lemma spanning_tau_arborescence_of_parent:
  fixes m :: "'v \<Rightarrow> 'b::order"
  assumes parent: "\<And>v. v \<in> V \<Longrightarrow> par v \<in> B \<and> hd_of (par v) = v"
    and descent: "\<And>v. v \<in> V \<Longrightarrow> tl_of (par v) \<in> V \<Longrightarrow>
                   m (tl_of (par v)) < m v \<and> tau (par (tl_of (par v))) \<le> tau (par v)"
  shows "spanning_tau_arborescence V s B tl_of hd_of tau (par ` V)"
proof -
  let ?F = "par ` V"
  have link: "m (hd_of b) < m (hd_of c) \<and> tau b \<le> tau c"
    if "b \<in> ?F" "c \<in> ?F" "hd_of b = tl_of c" for b c
    using that parent descent by auto
  have chain: "m (hd_of (p ! i)) < m (hd_of (p ! Suc i)) \<and> tau (p ! i) \<le> tau (p ! Suc i)"
    if "is_walk ?F tl_of hd_of u p w" "Suc i < length p" for u p w i
    using that unfolding is_walk_def by (intro link) auto
  have acyclic: "\<not> is_walk ?F tl_of hd_of u p u" for u p
  proof
    assume walk: "is_walk ?F tl_of hd_of u p u"
    then have "p \<noteq> []" and last_p: "hd_of (last p) = u" and first_p: "tl_of (p ! 0) = u"
      unfolding is_walk_def by auto
    have closing: "m (hd_of (last p)) < m (hd_of (p ! 0))"
    proof (rule link[THEN conjunct1])
      show "last p \<in> ?F" "p ! 0 \<in> ?F"
        using walk \<open>p \<noteq> []\<close> unfolding is_walk_def by auto
    qed (use last_p first_p in simp)
    define ys where "ys = map (m \<circ> hd_of) (last p # p)"
    have "sorted_wrt (<) ys"
      unfolding ys_def sorted_wrt_iff_nth_Suc_transp[OF transp_on_less]
    proof (intro allI impI)
      fix i assume "Suc i < length (map (m \<circ> hd_of) (last p # p))"
      then show "map (m \<circ> hd_of) (last p # p) ! i < map (m \<circ> hd_of) (last p # p) ! Suc i"
        using chain[OF walk, of "i - 1"] closing by (cases i) auto
    qed
    then have "ys ! 0 < ys ! length p"
      unfolding ys_def by (rule sorted_wrt_nth_less) (use \<open>p \<noteq> []\<close> in auto)
    then show False
      using \<open>p \<noteq> []\<close> by (simp add: ys_def last_conv_nth)
  qed
  have in_degree: "{a \<in> ?F. hd_of a = v} = {par v}" if "v \<in> V" for v
    using that parent by auto
  have "tau_respecting tau p" if "is_path ?F tl_of hd_of s p v" for p v
    using chain that unfolding is_path_def tau_respecting_def sorted_iff_nth_Suc by auto
  then show ?thesis
    unfolding spanning_tau_arborescence_def using parent acyclic in_degree by auto
qed

lemma spanning_tau_arborescence_exists:
  assumes "s \<notin> V" and tails: "\<forall>a\<in>B. tl_of a \<in> V \<union> {s}"
    and reach: "\<forall>v\<in>V. tau_reachable B tl_of hd_of tau s v"
  shows "\<exists>F. spanning_tau_arborescence V s B tl_of hd_of tau F"
proof -
  define W where "W v = {p. is_walk B tl_of hd_of s p v \<and> tau_respecting tau p}" for v
  define key where "key p = (tau (last p), length p)" for p
  have "\<exists>p\<in>W v. \<forall>q\<in>W v. key p \<le> key q" if v: "v \<in> V" for v
  proof -
    obtain p where "p \<in> W v"
      using reach v unfolding tau_reachable_def W_def by auto
    then show ?thesis
      by (rule ex_least_key)
  qed
  then obtain pv where "\<forall>v\<in>V. pv v \<in> W v \<and> (\<forall>q\<in>W v. key (pv v) \<le> key q)"
    using bchoice[of V "\<lambda>v p. p \<in> W v \<and> (\<forall>q\<in>W v. key p \<le> key q)"] by blast
  then have pv: "\<And>v. v \<in> V \<Longrightarrow> pv v \<in> W v"
    and pv_least: "\<And>v q. v \<in> V \<Longrightarrow> q \<in> W v \<Longrightarrow> key (pv v) \<le> key q"
    by auto
  define par where "par v = last (pv v)" for v
  have parent: "par v \<in> B \<and> hd_of (par v) = v" if "v \<in> V" for v
    using pv[OF that] unfolding W_def par_def is_walk_def by auto
  have descent: "key (pv (tl_of (par v))) < key (pv v) \<and> tau (par (tl_of (par v))) \<le> tau (par v)"
    if v: "v \<in> V" and w: "tl_of (par v) \<in> V" for v
  proof -
    define q where "q = butlast (pv v)"
    have walk: "is_walk B tl_of hd_of s (q @ [par v]) v" and resp: "tau_respecting tau (q @ [par v])"
      using pv[OF v] unfolding W_def q_def par_def is_walk_def by auto
    have "q \<noteq> []"
    proof
      assume "q = []"
      then have "tl_of (par v) = s"
        using walk unfolding is_walk_def by simp
      then show False
        using w \<open>s \<notin> V\<close> by simp
    qed
    then have "q \<in> W (tl_of (par v))" and "tau (last q) \<le> tau (par v)"
      using walk resp unfolding W_def by (auto simp: is_walk_snoc tau_respecting_snoc)
    then have "key (pv (tl_of (par v))) \<le> key q" and "key q < key (q @ [par v])"
      using pv_least[OF w] by (auto simp: key_def)
    moreover have "q @ [par v] = pv v"
      using pv[OF v] unfolding q_def par_def W_def is_walk_def by simp
    ultimately have "key (pv (tl_of (par v))) < key (pv v)"
      by simp
    then show ?thesis
      unfolding key_def par_def by auto
  qed
  show ?thesis
    using spanning_tau_arborescence_of_parent[of V par B hd_of tl_of "\<lambda>v. key (pv v)" tau s]
      parent descent by blast
qed

lemma spanning_tau_arborescence_mono:
  "spanning_tau_arborescence V s B tl_of hd_of tau F \<Longrightarrow> B \<subseteq> A \<Longrightarrow>
   spanning_tau_arborescence V s A tl_of hd_of tau F"
  unfolding spanning_tau_arborescence_def by blast

lemma card_spanning_tau_arborescence:
  assumes "temporal_network V s A tl_of hd_of"
    and "spanning_tau_arborescence V s A tl_of hd_of tau F"
  shows "card F = card V"
proof -
  have heads: "\<forall>a\<in>A. hd_of a \<in> V" and "finite V" and F: "F \<subseteq> A"
    and in_degree: "\<forall>v\<in>V. card {a\<in>F. hd_of a = v} = 1"
    using assms unfolding temporal_network_def spanning_tau_arborescence_def by auto
  have "F = (\<Union>v\<in>V. {a\<in>F. hd_of a = v})"
    using heads F by auto
  also have "card \<dots> = (\<Sum>v\<in>V. card {a\<in>F. hd_of a = v})"
  proof (rule card_UN_disjoint)
    show "\<forall>v\<in>V. finite {a\<in>F. hd_of a = v}"
      using in_degree by (auto intro: card_ge_0_finite)
  qed (use \<open>finite V\<close> in auto)
  also have "\<dots> = card V"
    using in_degree by simp
  finally show ?thesis .
qed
++++++
## Activity
When you reach the end of the data, write every line out again verbatim.

## Your response
lemma spanning_tau_arborescence_of_parent:
  fixes m :: "'v \<Rightarrow> 'b::order"
  assumes parent: "\<And>v. v \<in> V \<Longrightarrow> par v \<in> B \<and> hd_of (par v) = v"
    and descent: "\<And>v. v \<in> V \<Longrightarrow> tl_of (par v) \<in> V \<Longrightarrow>
                   m (tl_of (par v)) < m v \<and> tau (par (tl_of (par v))) \<le> tau (par v)"
  shows "spanning_tau_arborescence V s B tl_of hd_of tau (par ` V)"
proof -
  let ?F = "par ` V"
  have link: "m (hd_of b) < m (hd_of c) \<and> tau b \<le> tau c"
    if "b \<in> ?F" "c \<in> ?F" "hd_of b = tl_of c" for b c
    using that parent descent by auto
  have chain: "m (hd_of (p ! i)) < m (hd_of (p ! Suc i)) \<and> tau (p ! i) \<le> tau (p ! Suc i)"
    if "is_walk ?F tl_of hd_of u p w" "Suc i < length p" for u p w i
    using that unfolding is_walk_def by (intro link) auto
  have acyclic: "\<not> is_walk ?F tl_of hd_of u p u" for u p
  proof
    assume walk: "is_walk ?F tl_of hd_of u p u"
    then have "p \<noteq> []" and last_p: "hd_of (last p) = u" and first_p: "tl_of (p ! 0) = u"
      unfolding is_walk_def by auto
    have closing: "m (hd_of (last p)) < m (hd_of (p ! 0))"
    proof (rule link[THEN conjunct1])
      show "last p \<in> ?F" "p ! 0 \<in> ?F"
        using walk \<open>p \<noteq> []\<close> unfolding is_walk_def by auto
    qed (use last_p first_p in simp)
    define ys where "ys = map (m \<circ> hd_of) (last p # p)"
    have "sorted_wrt (<) ys"
      unfolding ys_def sorted_wrt_iff_nth_Suc_transp[OF transp_on_less]
    proof (intro allI impI)
      fix i assume "Suc i < length (map (m \<circ> hd_of) (last p # p))"
      then show "map (m \<circ> hd_of) (last p # p) ! i < map (m \<circ> hd_of) (last p # p) ! Suc i"
        using chain[OF walk, of "i - 1"] closing by (cases i) auto
    qed
    then have "ys ! 0 < ys ! length p"
      unfolding ys_def by (rule sorted_wrt_nth_less) (use \<open>p \<noteq> []\<close> in auto)
    then show False
      using \<open>p \<noteq> []\<close> by (simp add: ys_def last_conv_nth)
  qed
  have in_degree: "{a \<in> ?F. hd_of a = v} = {par v}" if "v \<in> V" for v
    using that parent by auto
  have "tau_respecting tau p" if "is_path ?F tl_of hd_of s p v" for p v
    using chain that unfolding is_path_def tau_respecting_def sorted_iff_nth_Suc by auto
  then show ?thesis
    unfolding spanning_tau_arborescence_def using parent acyclic in_degree by auto
qed

lemma spanning_tau_arborescence_exists:
  assumes "s \<notin> V" and tails: "\<forall>a\<in>B. tl_of a \<in> V \<union> {s}"
    and reach: "\<forall>v\<in>V. tau_reachable B tl_of hd_of tau s v"
  shows "\<exists>F. spanning_tau_arborescence V s B tl_of hd_of tau F"
proof -
  define W where "W v = {p. is_walk B tl_of hd_of s p v \<and> tau_respecting tau p}" for v
  define key where "key p = (tau (last p), length p)" for p
  have "\<exists>p\<in>W v. \<forall>q\<in>W v. key p \<le> key q" if v: "v \<in> V" for v
  proof -
    obtain p where "p \<in> W v"
      using reach v unfolding tau_reachable_def W_def by auto
    then show ?thesis
      by (rule ex_least_key)
  qed
  then obtain pv where "\<forall>v\<in>V. pv v \<in> W v \<and> (\<forall>q\<in>W v. key (pv v) \<le> key q)"
    using bchoice[of V "\<lambda>v p. p \<in> W v \<and> (\<forall>q\<in>W v. key p \<le> key q)"] by blast
  then have pv: "\<And>v. v \<in> V \<Longrightarrow> pv v \<in> W v"
    and pv_least: "\<And>v q. v \<in> V \<Longrightarrow> q \<in> W v \<Longrightarrow> key (pv v) \<le> key q"
    by auto
  define par where "par v = last (pv v)" for v
  have parent: "par v \<in> B \<and> hd_of (par v) = v" if "v \<in> V" for v
    using pv[OF that] unfolding W_def par_def is_walk_def by auto
  have descent: "key (pv (tl_of (par v))) < key (pv v) \<and> tau (par (tl_of (par v))) \<le> tau (par v)"
    if v: "v \<in> V" and w: "tl_of (par v) \<in> V" for v
  proof -
    define q where "q = butlast (pv v)"
    have walk: "is_walk B tl_of hd_of s (q @ [par v]) v" and resp: "tau_respecting tau (q @ [par v])"
      using pv[OF v] unfolding W_def q_def par_def is_walk_def by auto
    have "q \<noteq> []"
    proof
      assume "q = []"
      then have "tl_of (par v) = s"
        using walk unfolding is_walk_def by simp
      then show False
        using w \<open>s \<notin> V\<close> by simp
    qed
    then have "q \<in> W (tl_of (par v))" and "tau (last q) \<le> tau (par v)"
      using walk resp unfolding W_def by (auto simp: is_walk_snoc tau_respecting_snoc)
    then have "key (pv (tl_of (par v))) \<le> key q" and "key q < key (q @ [par v])"
      using pv_least[OF w] by (auto simp: key_def)
    moreover have "q @ [par v] = pv v"
      using pv[OF v] unfolding q_def par_def W_def is_walk_def by simp
    ultimately have "key (pv (tl_of (par v))) < key (pv v)"
      by simp
    then show ?thesis
      unfolding key_def par_def by auto
  qed
  show ?thesis
    using spanning_tau_arborescence_of_parent[of V par B hd_of tl_of "\<lambda>v. key (pv v)" tau s]
      parent descent by blast
qed

lemma spanning_tau_arborescence_mono:
  "spanning_tau_arborescence V s B tl_of hd_of tau F \<Longrightarrow> B \<subseteq> A \<Longrightarrow>
   spanning_tau_arborescence V s A tl_of hd_of tau F"
  unfolding spanning_tau_arborescence_def by blast

lemma card_spanning_tau_arborescence:
  assumes "temporal_network V s A tl_of hd_of"
    and "spanning_tau_arborescence V s A tl_of hd_of tau F"
  shows "card F = card V"
proof -
  have heads: "\<forall>a\<in>A. hd_of a \<in> V" and "finite V" and F: "F \<subseteq> A"
    and in_degree: "\<forall>v\<in>V. card {a\<in>F. hd_of a = v} = 1"
    using assms unfolding temporal_network_def spanning_tau_arborescence_def by auto
  have "F = (\<Union>v\<in>V. {a\<in>F. hd_of a = v})"
    using heads F by auto
  also have "card \<dots> = (\<Sum>v\<in>V. card {a\<in>F. hd_of a = v})"
  proof (rule card_UN_disjoint)
    show "\<forall>v\<in>V. finite {a\<in>F. hd_of a = v}"
      using in_degree by (auto intro: card_ge_0_finite)
  qed (use \<open>finite V\<close> in auto)
  also have "\<dots> = card V"
    using in_degree by simp
  finally show ?thesis .
qed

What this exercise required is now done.